## REQUIRED ACTION
In the data below, find the line containing "using slim_trianglesD[OF D", then set down that line and every later line up to and including the line containing "using Suc.IH[OF coarse_path_prefix[OF", exactly.

Saved data entries
■ ■ ■

(* Let $v$ be a finite place of $F$ and $\psi:N\to S^1$ a homomorphism; let $\chi:=\psi\circ\log_{\mathcal T,v}$, a character of $\mathcal T(F_v)$ trivial on $\mathcal T(\mathcal O_v):=\ker\log_{\mathcal T,v}$. Let $s\in\mathbb C^I$ with $\operatorname{Re}s_\rho>0$ for all $\rho\in\Sigma(1)$. Then $$\int_{\mathcal T(F_v)}H_v(s,x)^{-1}\overline{\chi(x)}\,d\mu_v(x)=\sum_{n\in N}q_v^{-\varphi_s(n)}\overline{\psi(n)}=R_\Sigma(\mathbf x),$$ (absolutely convergent), where $\mathbf x=(x_i)_{i\in I}$ with $x_\rho=q_v^{-\Xi_\rho(s)}\overline{\psi(b_\rho,0)}$ for $\rho\in\Sigma(1)$ and $x_{\mathcal Y}=q_v^{-\Xi_{\mathcal Y}(s)}\overline{\psi(\mathcal Y)}$ for $\mathcal Y\in\pi_0^*$.
   Context: Let $F$ be a number field; for a finite place $v$, $\operatorname{ord}_v$ is the normalized valuation and $q_v$ the residue field cardinality. Stacky fan $(\Sigma,N,\beta)$: $N$ finitely generated abelian of rank $d$, $\Sigma$ a complete simplicial rational fan in $N_{\mathbb Q}$, $\beta:\mathbb Z^{\Sigma(1)}\to N$ with finite cokernel and image of $\beta(e_\rho)$ a nonzero vector on $\rho$. Fix $N=N^{\mathrm{rig}}\oplus G^D$, $N^{\mathrm{rig}}=\mathbb Z^d$, $G^D=\bigoplus_{i=1}^\ell\mathbb Z/n_i\mathbb Z$; $b_\rho$ is the $N^{\mathrm{rig}}$-component of $\beta(e_\rho)$. $\mathcal T(F_v)=(F_v^\times)^d\times\prod_iF_v^\times/(F_v^\times)^{n_i}$, $\log_{\mathcal T,v}((t_j),([u_i]))=((\operatorname{ord}_vt_j)_j,(\operatorname{ord}_vu_i\bmod n_i)_i)\in N$; $\mu_v$ is the Haar measure on $\mathcal T(F_v)$ with $\mu_v(\mathcal T(\mathcal O_v))=1$. For $y\in N^{\mathrm{rig}}_{\mathbb R}$ in a cone $\sigma$ write $y=\sum_{\rho\in\sigma(1)}a_\rho(y)b_\rho$, $a_\rho(y)\ge0$, $a_\rho(y)=0$ for $\rho\notin\sigma(1)$; for $n=(y,g)$, $a_\rho(n)=a_\rho(y)$, $q(n)=(\sum_\rho\{a_\rho(y)\}b_\rho,g)$; $\pi_0^*:=q(N)\setminus\{(0,0)\}$, $I:=\Sigma(1)\sqcup\pi_0^*$. $\Xi_\rho(s)=s_\rho$, $\Xi_{\mathcal Y}(s)=s_{\mathcal Y}+\sum_\rho a_\rho(\mathcal Y)s_\rho$. $\varphi_s(n)=s_{q(n)}+\sum_\rho a_\rho(n)s_\rho$ if $q(n)\ne(0,0)$, else $\sum_\rho a_\rho(n)s_\rho$; $H_v(s,x)=q_v^{\varphi_s(\log_{\mathcal T,v}x)}$. For $\sigma\in\Sigma$ (including $\{0\}$; empty products $=1$) $$R_\sigma:=\frac{\prod_{\rho\in\sigma(1)}X_\rho+\sum_{\mathcal Y=(y,g)\in\pi_0^*,\ y\in\sigma}X_{\mathcal Y}\prod_{\rho\in\sigma(1),\,a_\rho(\mathcal Y)=0}X_\rho}{\prod_{\rho\in\sigma(1)}(1-X_\rho)},\qquad R_\Sigma:=\sum_{\sigma\in\Sigma}R_\sigma.$$ *)

theory Defs
  imports "HOL-Analysis.Analysis" "HOL-Computational_Algebra.Primes"
begin

text \<open>Elements of N = N^rig (+) G^D, N^rig = Z^d (d = CARD('d)),
  G^D = (+)_{i<l} Z/n_i Z with ns = [n_1,...,n_l]; a torsion element is a function
  g :: nat => int with 0 <= g i < n_i for i < l and g i = 0 for i >= l.\<close>

type_synonym 'd Nel = "(int ^ 'd) \<times> (nat \<Rightarrow> int)"

definition Nset :: "nat list \<Rightarrow> ('d::finite) Nel set" where
  "Nset ns = {(y, g). \<forall>i. (i < length ns \<longrightarrow> 0 \<le> g i \<and> g i < int (ns ! i))
                          \<and> (length ns \<le> i \<longrightarrow> g i = 0)}"

definition zeroN :: "('d::finite) Nel" where
  "zeroN = (0, (\<lambda>i. 0))"

definition addN :: "nat list \<Rightarrow> ('d::finite) Nel \<Rightarrow> 'd Nel \<Rightarrow> 'd Nel" where
  "addN ns n m = (fst n + fst m,
     (\<lambda>i. if i < length ns then (snd n i + snd m i) mod int (ns ! i) else 0))"

definition smultN :: "nat list \<Rightarrow> int \<Rightarrow> ('d::finite) Nel \<Rightarrow> 'd Nel" where
  "smultN ns k n = ((\<chi> j. k * (fst n $ j)),
     (\<lambda>i. if i < length ns then (k * snd n i) mod int (ns ! i) else 0))"
text \<open>Bisection: split the path at its midpoint and use one slim triangle per halving.\<close>
lemma slim_triangles_geodesic_near_coarse_path:
  assumes D: "slim_triangles D"
  shows "coarse_path C p L \<Longrightarrow> geodesic V d \<sigma> (p 0) (p L) \<Longrightarrow> L \<le> 2 ^ k \<Longrightarrow>
    t \<le> d (p 0) (p L) \<Longrightarrow> \<exists>i\<le>L. d (\<sigma> t) (p i) \<le> D * k + C"
proof (induction k arbitrary: p L \<sigma> t)
  have short: "\<exists>i\<le>L. d (\<sigma> t) (p i) \<le> C"
    if p: "coarse_path C p L" and \<sigma>: "geodesic V d \<sigma> (p 0) (p L)" and "L \<le> 1"
      and t: "t \<le> d (p 0) (p L)" for p L \<sigma> t
  proof -
    have "d (p 0) (p L) \<le> C * L" using coarse_path_dist_le[OF p, of 0 L] by simp
    also have "\<dots> \<le> C" using mult_le_mono2[OF \<open>L \<le> 1\<close>, of C] by simp
    finally have "d (p 0) (p L) \<le> C" .
    then show ?thesis using geodesic_dist_start[OF \<sigma> t] t by (intro exI[of _ 0]) auto
  qed
  {
    case 0
    then show ?case using short by fastforce
  next
    case (Suc k)
    show ?case
    proof (cases "L \<le> 1")
      case True
      then show ?thesis using short Suc.prems by fastforce
    next
      case False
      define m where "m = L div 2"
      have m: "m \<le> L" "m \<le> 2 ^ k" "L - m \<le> 2 ^ k" using Suc.prems(3) False unfolding m_def by auto
      have V: "p 0 \<in> V" "p L \<in> V" "p m \<in> V" using coarse_path_mem[OF Suc.prems(1)] m by auto
      obtain \<beta> where \<beta>: "geodesic V d \<beta> (p 0) (p m)" using geodesic_exists V by blast
      obtain \<gamma> where \<gamma>: "geodesic V d \<gamma> (p m) (p L)" using geodesic_exists V by blast
      have near_half: "\<exists>i\<le>L. d (\<sigma> t) (p i) \<le> D * Suc k + C"
        if \<rho>: "geodesic V d \<rho> x y" and j: "j \<le> d x y" "d (\<sigma> t) (\<rho> j) \<le> D"
          and ih: "\<exists>i\<le>L. d (\<rho> j) (p i) \<le> D * k + C" for x y \<rho> j
      proof -
        obtain i where i: "i \<le> L" "d (\<rho> j) (p i) \<le> D * k + C" using ih by blast
        have "\<sigma> t \<in> V" "\<rho> j \<in> V" "p i \<in> V"
          using geodesic_mem[OF Suc.prems(2,4)] geodesic_mem[OF \<rho> j(1)]
            coarse_path_mem[OF Suc.prems(1) i(1)] by auto
        then have "d (\<sigma> t) (p i) \<le> d (\<sigma> t) (\<rho> j) + d (\<rho> j) (p i)"
          by (rule dist_triangle)
        then show ?thesis using i j by (intro exI[of _ i]) auto
      qed
      have "(\<exists>j\<le>d (p 0) (p m). d (\<sigma> t) (\<beta> j) \<le> D) \<or> (\<exists>j\<le>d (p m) (p L). d (\<sigma> t) (\<gamma> j) \<le> D)"
        using slim_trianglesD[OF D Suc.prems(2) \<beta> \<gamma> V(1,2,3) Suc.prems(4)] .
      then show ?thesis
      proof (elim disjE exE conjE)
        fix j assume j: "j \<le> d (p 0) (p m)" "d (\<sigma> t) (\<beta> j) \<le> D"
        have "\<exists>i\<le>m. d (\<beta> j) (p i) \<le> D * k + C"
          using Suc.IH[OF coarse_path_prefix[OF Suc.prems(1) m(1)] \<beta> m(2) j(1)] .
        then show ?thesis using near_half[OF \<beta> j] m by (meson le_trans)
      next
        fix j assume j: "j \<le> d (p m) (p L)" "d (\<sigma> t) (\<gamma> j) \<le> D"
        have "\<exists>i\<le>L - m. d (\<gamma> j) (p (m + i)) \<le> D * k + C"
          using Suc.IH[OF coarse_path_shift[OF Suc.prems(1) m(1)] _ m(3)] \<gamma> j m by simp
        then have "\<exists>i\<le>L. d (\<gamma> j) (p i) \<le> D * k + C"
          using m(1) by (metis le_diff_conv2 add.commute)
        then show ?thesis using near_half[OF \<gamma> j] by blast
      qed
    qed
  }
qed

■ ■ ■

## RESPONSE AREA
        using slim_trianglesD[OF D Suc.prems(2) \<beta> \<gamma> V(1,2,3) Suc.prems(4)] .
      then show ?thesis
      proof (elim disjE exE conjE)
        fix j assume j: "j \<le> d (p 0) (p m)" "d (\<sigma> t) (\<beta> j) \<le> D"
        have "\<exists>i\<le>m. d (\<beta> j) (p i) \<le> D * k + C"
          using Suc.IH[OF coarse_path_prefix[OF Suc.prems(1) m(1)] \<beta> m(2) j(1)] .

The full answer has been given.